## WHAT THE EXERCISE ASKS
Reproduce precisely the lines between the start of the data below and the line with "using S_gt by", both included.
+ + + +
lemma exists_family_approximating_sum_variation:
  assumes "abs_continuous_on a b f" "interval_family a b T" "\<eta> > 0"
  obtains U where "interval_family a b U" "total_length U \<le> total_length T"
    "(\<Sum>p\<in>T. variation f (fst p) (snd p)) < variation_sum f U + \<eta>"
proof -
  note T = interval_familyD[OF assms(2)]
  define \<eta>' where "\<eta>' = \<eta> / (card T + 1)"
  have "\<eta>' > 0" using assms(3) by (simp add: \<eta>'_def)
  have "\<exists>S. interval_family (fst p) (snd p) S \<and> variation f (fst p) (snd p) - \<eta>' < variation_sum f S"
    if "p \<in> T" for p
    using exists_variation_sum_gt[OF assms(1) _ _ _ \<open>\<eta>' > 0\<close>] T(2)[OF that] by (metis less_imp_le)
  then obtain S where S: "\<And>p. p \<in> T \<Longrightarrow> interval_family (fst p) (snd p) (S p)"
    and S_gt: "\<And>p. p \<in> T \<Longrightarrow> variation f (fst p) (snd p) - \<eta>' < variation_sum f (S p)"
    by metis
  note sum_U = sum_interval_family_UN[OF assms(2) S]
  have "total_length (\<Union>p\<in>T. S p) = (\<Sum>p\<in>T. total_length (S p))"
    unfolding total_length_def by (rule sum_U)
  also have "\<dots> \<le> (\<Sum>p\<in>T. snd p - fst p)"
    using S T(2) by (intro sum_mono total_length_le) (auto intro: less_imp_le)
  also have "\<dots> = total_length T"
    by (simp add: total_length_def)
  finally have "total_length (\<Union>p\<in>T. S p) \<le> total_length T" .
  moreover have "(\<Sum>p\<in>T. variation f (fst p) (snd p)) \<le> (\<Sum>p\<in>T. variation_sum f (S p) + \<eta>')"
    using S_gt by (intro sum_mono) (metis diff_less_eq less_imp_le)
  moreover have "(\<Sum>p\<in>T. variation_sum f (S p) + \<eta>') = variation_sum f (\<Union>p\<in>T. S p) + card T * \<eta>'"
    by (simp add: sum.distrib variation_sum_def sum_U)
  moreover have "card T * \<eta>' < \<eta>"
    using assms(3) by (simp add: \<eta>'_def field_simps)
  ultimately show ?thesis
    using that[OF interval_family_UN[OF assms(2) S]] by linarith
qed

lemma abs_continuous_on_variation:
  assumes "abs_continuous_on a b f"
  shows "abs_continuous_on a b (variation f a)"
proof (rule abs_continuous_onI)
  fix e :: real assume "e > 0"
  then obtain d where "d > 0"
    and d: "\<And>S. interval_family a b S \<Longrightarrow> total_length S < d \<Longrightarrow> variation_sum f S < e / 2"
    using abs_continuous_onE[OF assms, of "e / 2"] by auto
  have "variation_sum (variation f a) T < e" if T: "interval_family a b T" "total_length T < d" for T
  proof -
    have increment: "\<bar>variation f a (snd p) - variation f a (fst p)\<bar> = variation f (fst p) (snd p)"
      if "p \<in> T" for p
    proof -
      have p: "a \<le> fst p" "fst p \<le> snd p" "snd p \<le> b"
        using interval_familyD(2)[OF T(1) that] by auto
      then have "variation f a (snd p) = variation f a (fst p) + variation f (fst p) (snd p)"
        using abs_continuous_on_subinterval[OF assms order_refl p(3)] by (intro variation_additive) auto
      moreover have "0 \<le> variation f (fst p) (snd p)"
        using abs_le_variation[OF assms p] by linarith
      ultimately show ?thesis by simp
    qed
    have "(\<Sum>p\<in>T. variation f (fst p) (snd p)) \<le> e / 2"
    proof (rule field_le_epsilon)
      fix \<eta> :: real assume "\<eta> > 0"
      then obtain U where "interval_family a b U" "total_length U \<le> total_length T"
        "(\<Sum>p\<in>T. variation f (fst p) (snd p)) < variation_sum f U + \<eta>"
        using exists_family_approximating_sum_variation[OF assms T(1)] by blast
      then show "(\<Sum>p\<in>T. variation f (fst p) (snd p)) \<le> e / 2 + \<eta>"
        using d[of U] T(2) by fastforce
    qed
    then show ?thesis
      using \<open>e > 0\<close> increment by (simp add: variation_sum_def)
  qed
  with \<open>d > 0\<close> show "\<exists>d>0. \<forall>T. interval_family a b T \<longrightarrow> total_length T < d \<longrightarrow>
      variation_sum (variation f a) T < e"
    by blast
qed

section \<open>Absolutely continuous functions are indefinite integrals\<close>

definition has_density_on :: "(real \<Rightarrow> real) \<Rightarrow> real \<Rightarrow> real \<Rightarrow> (real \<Rightarrow> real) \<Rightarrow> bool" where
  "has_density_on f a b g \<longleftrightarrow> integrable lborel g \<and>
     (\<forall>x y. a \<le> x \<longrightarrow> x \<le> y \<longrightarrow> y \<le> b \<longrightarrow> f y - f x = (LINT t:{x<..y}|lborel. g t))"

lemma has_density_on_diff:
  assumes "has_density_on f a b g" "has_density_on h a b k"
  shows "has_density_on (\<lambda>x. f x - h x) a b (\<lambda>x. g x - k x)"
  unfolding has_density_on_def
proof (intro conjI allI impI)
  show "integrable lborel (\<lambda>x. g x - k x)"
    using assms by (simp add: has_density_on_def)
  fix x y assume "a \<le> x" "x \<le> y" "y \<le> b"
  then have "f y - f x = (LINT t:{x<..y}|lborel. g t)" "h y - h x = (LINT t:{x<..y}|lborel. k t)"
    using assms by (auto simp: has_density_on_def)
  moreover have "set_integrable lborel {x<..y} u" if "integrable lborel u" for u :: "real \<Rightarrow> real"
    using integrable_mult_indicator[OF _ that, of "{x<..y}"] by (simp add: set_integrable_def)
  ultimately show "f y - h y - (f x - h x) = (LINT t:{x<..y}|lborel. g t - k t)"
    using assms by (simp add: has_density_on_def)
qed

lemma emeasure_countable_Union_le:
  assumes "countable \<D>" "\<D> \<subseteq> sets M"
    and finite_le: "\<And>\<G>. finite \<G> \<Longrightarrow> \<G> \<subseteq> \<D> \<Longrightarrow> emeasure M (\<Union>\<G>) \<le> c"
  shows "emeasure M (\<Union>\<D>) \<le> c"
proof (cases "\<D> = {}")
  case True
  then show ?thesis by simp
next
  case False
  define A where "A n = \<Union>(from_nat_into \<D> ` {..<n})" for n
  have "range A \<subseteq> sets M"
    using assms(2) from_nat_into[OF False] by (auto simp: A_def)
  moreover have "incseq A"
    unfolding A_def incseq_def by (fastforce intro: less_le_trans)
  ultimately have "(SUP n. emeasure M (A n)) = emeasure M (\<Union>n. A n)"
    by (rule SUP_emeasure_incseq)
  also have "(\<Union>n. A n) = (\<Union>i. from_nat_into \<D> i)"
    unfolding A_def by blast
  also have "\<dots> = \<Union>\<D>"
    using range_from_nat_into[OF False assms(1)] by simp
  finally have "emeasure M (\<Union>\<D>) = (SUP n. emeasure M (A n))" ..
  also have "\<dots> \<le> c"
    unfolding A_def using from_nat_into[OF False] by (intro SUP_least finite_le) auto
  finally show ?thesis .
qed

lemma interval_measure_null_outside:
  assumes mono: "mono F" and cont: "continuous_on UNIV F"
    and below: "\<And>x. x \<le> a \<Longrightarrow> F x = F a" and above: "\<And>x. b \<le> x \<Longrightarrow> F x = F b"
  shows "UNIV - {a<..b} \<in> null_sets (interval_measure F)"
proof -
  have Ioc: "emeasure (interval_measure F) {x<..y} = F y - F x" if "x \<le> y" for x y
    using that mono cont
    by (intro emeasure_interval_measure_Ioc) (auto simp: mono_def continuous_on_eq_continuous_within
        intro: continuous_within_subset)
  have "{..a} = (\<Union>k::nat. {a - k<..a})"
  proof (intro equalityI subsetI)
    fix x assume "x \<in> {..a}"
    obtain k :: nat where "a - x < k" using reals_Archimedean2 by blast
    with \<open>x \<in> {..a}\<close> have "x \<in> {a - k<..a}" by simp
    then show "x \<in> (\<Union>k::nat. {a - k<..a})" by blast
  qed auto
  also have "\<dots> \<in> null_sets (interval_measure F)"
  proof (intro null_sets_UN null_setsI)
    show "emeasure (interval_measure F) {a - real k<..a} = 0" for k
      using Ioc[of "a - real k" a] below[of "a - real k"] by simp
  qed simp
  finally have "{..a} \<in> null_sets (interval_measure F)" .
  have "{b<..} = (\<Union>k::nat. {b<..b + k})"
  proof (intro equalityI subsetI)
    fix x assume "x \<in> {b<..}"
    obtain k :: nat where "x - b < k" using reals_Archimedean2 by blast
    with \<open>x \<in> {b<..}\<close> have "x \<in> {b<..b + k}" by simp
    then show "x \<in> (\<Union>k::nat. {b<..b + k})" by blast
  qed auto
  also have "\<dots> \<in> null_sets (interval_measure F)"
  proof (intro null_sets_UN null_setsI)
    show "emeasure (interval_measure F) {b<..b + real k} = 0" for k
      using Ioc[of b "b + real k"] above[of "b + real k"] by simp
  qed simp
  finally have "{b<..} \<in> null_sets (interval_measure F)" .
  moreover have "UNIV - {a<..b} = {..a} \<union> {b<..}" by auto
  ultimately show ?thesis using \<open>{..a} \<in> null_sets (interval_measure F)\<close> by (simp add: null_sets.Un)
qed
+ + + +
## ANSWER BELOW
lemma exists_family_approximating_sum_variation:
  assumes "abs_continuous_on a b f" "interval_family a b T" "\<eta> > 0"
  obtains U where "interval_family a b U" "total_length U \<le> total_length T"
    "(\<Sum>p\<in>T. variation f (fst p) (snd p)) < variation_sum f U + \<eta>"
proof -
  note T = interval_familyD[OF assms(2)]
  define \<eta>' where "\<eta>' = \<eta> / (card T + 1)"
  have "\<eta>' > 0" using assms(3) by (simp add: \<eta>'_def)
  have "\<exists>S. interval_family (fst p) (snd p) S \<and> variation f (fst p) (snd p) - \<eta>' < variation_sum f S"
    if "p \<in> T" for p
    using exists_variation_sum_gt[OF assms(1) _ _ _ \<open>\<eta>' > 0\<close>] T(2)[OF that] by (metis less_imp_le)
  then obtain S where S: "\<And>p. p \<in> T \<Longrightarrow> interval_family (fst p) (snd p) (S p)"
    and S_gt: "\<And>p. p \<in> T \<Longrightarrow> variation f (fst p) (snd p) - \<eta>' < variation_sum f (S p)"
    by metis
  note sum_U = sum_interval_family_UN[OF assms(2) S]
  have "total_length (\<Union>p\<in>T. S p) = (\<Sum>p\<in>T. total_length (S p))"
    unfolding total_length_def by (rule sum_U)
  also have "\<dots> \<le> (\<Sum>p\<in>T. snd p - fst p)"
    using S T(2) by (intro sum_mono total_length_le) (auto intro: less_imp_le)
  also have "\<dots> = total_length T"
    by (simp add: total_length_def)
  finally have "total_length (\<Union>p\<in>T. S p) \<le> total_length T" .
  moreover have "(\<Sum>p\<in>T. variation f (fst p) (snd p)) \<le> (\<Sum>p\<in>T. variation_sum f (S p) + \<eta>')"
    using S_gt by (intro sum_mono) (metis diff_less_eq less_imp_le)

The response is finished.